Для характеристики взаимоотношений Неизвестного и Зинаиды Федоровны, казалось бы, достаточно негативных определений: увлек, воспользовался доверчивостью, обманул. Будь рядом с Неизвестным доктор Львов, он бы именно так истолковал происходящее. Да и сама Зинаида Федоровна, когда дело доходит до объяснения, прямо говорит своему спутнику: «...вы обманули и бросили меня...» А Неизвестному нечего возразить — ибо факты против него. Увез он Зинаиду Федоровну за границу? Увез. Знал он, что она ждет от него программы действий? Знал. Сознался ли он ей, что потерял веру? Нет. В итоге и тут — улики налицо.
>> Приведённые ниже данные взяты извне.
(* Let $[a,b]$ be a bounded closed interval and let $A:L^2(a,b)\to L^2(a,b)$ be the integral operator $(Af)(x)=\int_a^b K(x,y)f(y)\,dy$ with a real, symmetric ($K(x,y)=K(y,x)$), square-integrable kernel $K$. Assume $A$ is injective, let $\{\psi_k\}_{k\ge1}$ be an orthonormal basis of $L^2(a,b)$ of eigenfunctions of $A$ with eigenvalues $\lambda_1>\lambda_2>\lambda_3>\cdots$, $\lambda_k\to0$. Let $\xi$ be a zero-mean Gaussian weak random variable in $L^2(a,b)$ with covariance operator $R_{\xi\xi}$, and for each $\epsilon>0$ let $\zeta=\zeta^{(\epsilon)}$ be a zero-mean Gaussian weak random variable uncorrelated with $\xi$ ($R_{\xi\zeta}=0$) and with covariance operator $R_{\zeta\zeta}=\epsilon^2N$, where $N$ is a fixed positive operator (independent of $\epsilon$) such that $R_{\zeta\zeta}^{-1}$ exists. Put $\eta=A\xi+\zeta$, $\rho_k^2=(R_{\xi\xi}\psi_k,\psi_k)$, $\nu_k^2=(N\psi_k,\psi_k)>0$ (no assumption is made that the components $(\xi,\psi_k)$, or $(\zeta,\psi_k)$, are mutually uncorrelated), and $$\mathcal I_\epsilon=\{k:\lambda_k\rho_k\ge\epsilon\nu_k\},\qquad \widehat B_\epsilon g=\sum_{k\in\mathcal I_\epsilon}\frac{(g,\psi_k)}{\lambda_k}\psi_k .$$ If $R_{\xi\xi}$ is of trace class and the set $\mathcal I_\epsilon$ is finite for every $\epsilon>0$, then $$\lim_{\epsilon\to0}\mathrm{E}\left\{\|\xi-\widehat B_\epsilon\eta\|^2\right\}=0 .$$
   Context: A (Gaussian) weak random variable in the Hilbert space $L^2(a,b)$ is a linear map $v\mapsto(\xi,v)$ assigning to each $v\in L^2(a,b)$ a real (jointly Gaussian) random variable; it is determined by its mean element and its covariance operator $R_{\xi\xi}$, defined by $(R_{\xi\xi}u,v)=\mathrm{E}\{(\xi,u)(\xi,v)\}$ (zero mean case); $R_{\xi\zeta}$ is defined analogously with $\mathrm{E}\{(\xi,u)(\zeta,v)\}$. $(\cdot,\cdot)$ and $\|\cdot\|$ denote the inner product and norm of $L^2(a,b)$, and $\mathrm{E}$ denotes expectation. *)

theory Defs
  imports "HOL-Probability.Probability"
begin

text \<open>Elements of L2(a,b) are represented by real functions on the reals whose
restriction to [a,b] is Borel measurable and square integrable; all statements
about them are made up to equality almost everywhere on [a,b].\<close>

definition L2 :: "real \<Rightarrow> real \<Rightarrow> (real \<Rightarrow> real) set" where
  "L2 a b = {f. f \<in> borel_measurable lborel \<and> set_integrable lborel {a..b} (\<lambda>x. (f x)\<^sup>2)}"

definition l2ip :: "real \<Rightarrow> real \<Rightarrow> (real \<Rightarrow> real) \<Rightarrow> (real \<Rightarrow> real) \<Rightarrow> real" where
  "l2ip a b f g = set_lebesgue_integral lborel {a..b} (\<lambda>x. f x * g x)"

definition ae_eq_on :: "real \<Rightarrow> real \<Rightarrow> (real \<Rightarrow> real) \<Rightarrow> (real \<Rightarrow> real) \<Rightarrow> bool" where
  "ae_eq_on a b f g \<longleftrightarrow> (AE x in lborel. x \<in> {a..b} \<longrightarrow> f x = g x)"
subsection \<open>Free reduction\<close>

lemma not_reduced_wordE:
  assumes "\<not> reduced_word w"
  obtains u al s v where "w = u @ [(al, \<not> s), (al, s)] @ v"
proof -
  obtain i where i: "Suc i < length w" "fst (w ! i) = fst (w ! Suc i)"
    "snd (w ! i) \<noteq> snd (w ! Suc i)"
    using assms by (auto simp: reduced_word_def)
  obtain al s where "w ! i = (al, \<not> s)" "w ! Suc i = (al, s)"
    using i(2,3) by (cases "w ! i"; cases "w ! Suc i") auto
  moreover have "w = take i w @ [w ! i, w ! Suc i] @ drop (Suc (Suc i)) w"
    using i(1) by (simp add: Cons_nth_drop_Suc)
  ultimately show thesis
    using that by simp
qed

lemma star_w_cancel_pair:
  assumes "quandle_on Q (ops al)" "a \<in> Q" "b \<in> Q"
  shows "star_w Q ops [(al, \<not> s), (al, s)] a b = a"
  using assms by (cases s) (simp_all add: star_w_def op_rdiv_cancel rdiv_op_cancel)

lemma star_w_reduce:
  assumes quandles: "\<forall>al\<in>\<Lambda>. quandle_on Q (ops al)"
  shows "set (map fst w) \<subseteq> \<Lambda> \<Longrightarrow>
    \<exists>w'\<in>free_group_elems \<Lambda>. \<forall>a\<in>Q. \<forall>b\<in>Q. star_w Q ops w a b = star_w Q ops w' a b"
proof (induction "length w" arbitrary: w rule: less_induct)
  case less
  show ?case
  proof (cases "reduced_word w")
    case True
    with less.prems show ?thesis
      by (auto simp: free_group_elems_def)
  next
    case False
    then obtain u al s v where w: "w = u @ [(al, \<not> s), (al, s)] @ v"
      by (rule not_reduced_wordE)
    have uv: "set (map fst (u @ v)) \<subseteq> \<Lambda>" and al: "al \<in> \<Lambda>"
      using less.prems w by auto
    have cancel: "star_w Q ops w a b = star_w Q ops (u @ v) a b" if "a \<in> Q" "b \<in> Q" for a b
    proof -
      have "star_w Q ops u a b \<in> Q"
        using star_w_closed[OF quandles] uv that by (auto dest: op_closed_onD)
      with quandles al that(2)
      have "star_w Q ops [(al, \<not> s), (al, s)] (star_w Q ops u a b) b = star_w Q ops u a b"
        by (intro star_w_cancel_pair) auto
      then show ?thesis
        unfolding w star_w_append_apply[where u = u]
          star_w_append_apply[where u = "[(al, \<not> s), (al, s)]"]
        by simp
    qed
    from less.hyps[of "u @ v"] uv w obtain w' where "w' \<in> free_group_elems \<Lambda>"
      and "\<forall>a\<in>Q. \<forall>b\<in>Q. star_w Q ops (u @ v) a b = star_w Q ops w' a b"
      by auto
    with cancel show ?thesis
      by auto
  qed
qed

theorem theorem4p12:
  fixes Q :: "'a set" and \<Lambda> :: "'l set" and ops :: "'l \<Rightarrow> 'a \<Rightarrow> 'a \<Rightarrow> 'a"
  assumes quandles: "\<forall>al\<in>\<Lambda>. quandle_on Q (ops al)"
    and distr: "pairwise_distributive Q \<Lambda> ops"
  shows "(\<forall>w\<in>free_group_elems \<Lambda>. quandle_on Q (star_w Q ops w)) \<and>
         (\<forall>w1\<in>free_group_elems \<Lambda>. \<forall>w2\<in>free_group_elems \<Lambda>.
            \<exists>w3\<in>free_group_elems \<Lambda>. \<forall>a\<in>Q. \<forall>b\<in>Q.
              qmult (star_w Q ops w1) (star_w Q ops w2) a b = star_w Q ops w3 a b)"
proof (intro conjI ballI)
  fix w assume "w \<in> free_group_elems \<Lambda>"
  then have "star_w Q ops w \<in> {qmult_list fs |fs. set fs \<subseteq> letter_op Q ops ` (\<Lambda> \<times> UNIV)}"
    unfolding star_w_eq_qmult_list by (force simp: free_group_elems_def)
  with distributive_quandles_qmult_lists[OF distributive_quandles_letter_ops[OF quandles distr]]
  show "quandle_on Q (star_w Q ops w)"
    by (simp add: distributive_quandles_def)
next
  fix w1 w2 assume "w1 \<in> free_group_elems \<Lambda>" "w2 \<in> free_group_elems \<Lambda>"
  then have "set (map fst (w1 @ w2)) \<subseteq> \<Lambda>"
    by (auto simp: free_group_elems_def)
  then show "\<exists>w3\<in>free_group_elems \<Lambda>. \<forall>a\<in>Q. \<forall>b\<in>Q.
              qmult (star_w Q ops w1) (star_w Q ops w2) a b = star_w Q ops w3 a b"
    unfolding star_w_append[symmetric] by (rule star_w_reduce[OF quandles])
qed

end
И все же было бы ошибкой безоговорочно присоединяться к обвинениям, исходящим от спутницы Неизвестного. Выдвигая на первый план уличающие героя факты, Чехов одновременно акцентирует сложность возникшей ситуации. Нам не дано забыть: Неизвестный «испытал голод, холод, болезни, лишение свободы»; личного счастья он не знал и не знает; приюта у него нет. В подобном положении появляется обостренное ощущение элементарного — простейших атрибутов нормальной человеческой жизни; «живой человек», Неизвестный тянется к обыкновенным человеческим радостям, и его можно понять, когда в минуту откровенности он говорит любимой женщине: «Жить, жить! Я хочу мира, тишины, хочу тепла, вот этого моря, вашей близости». Чтобы жить, чтобы быть рядом с Зинаидой Федоровной, Неизвестный и предложил ей стать его спутницей. Но по той же самой причине он умалчивает об утрате веры, о перемене мировоззрения. Герой понимает: расскажи он женщине о своем падении — и возможность близости, дарующей надежду на счастье, будет утеряна навсегда. Молчание ведет к лжи, оставаясь вместе с тем молчанием во имя жажды жить. В повести Чехова запечатлена не история сознательного обмана, а история слабого человека, ставшего обманщиком поневоле. Вот такое построение сюжета — по формуле «как будто так, а на деле иначе» — и содержит в себе скрытый спор с узким, традиционным мышлением, с теми, для кого «на этом свете все просто», как говорит Лебедев в «Иванове».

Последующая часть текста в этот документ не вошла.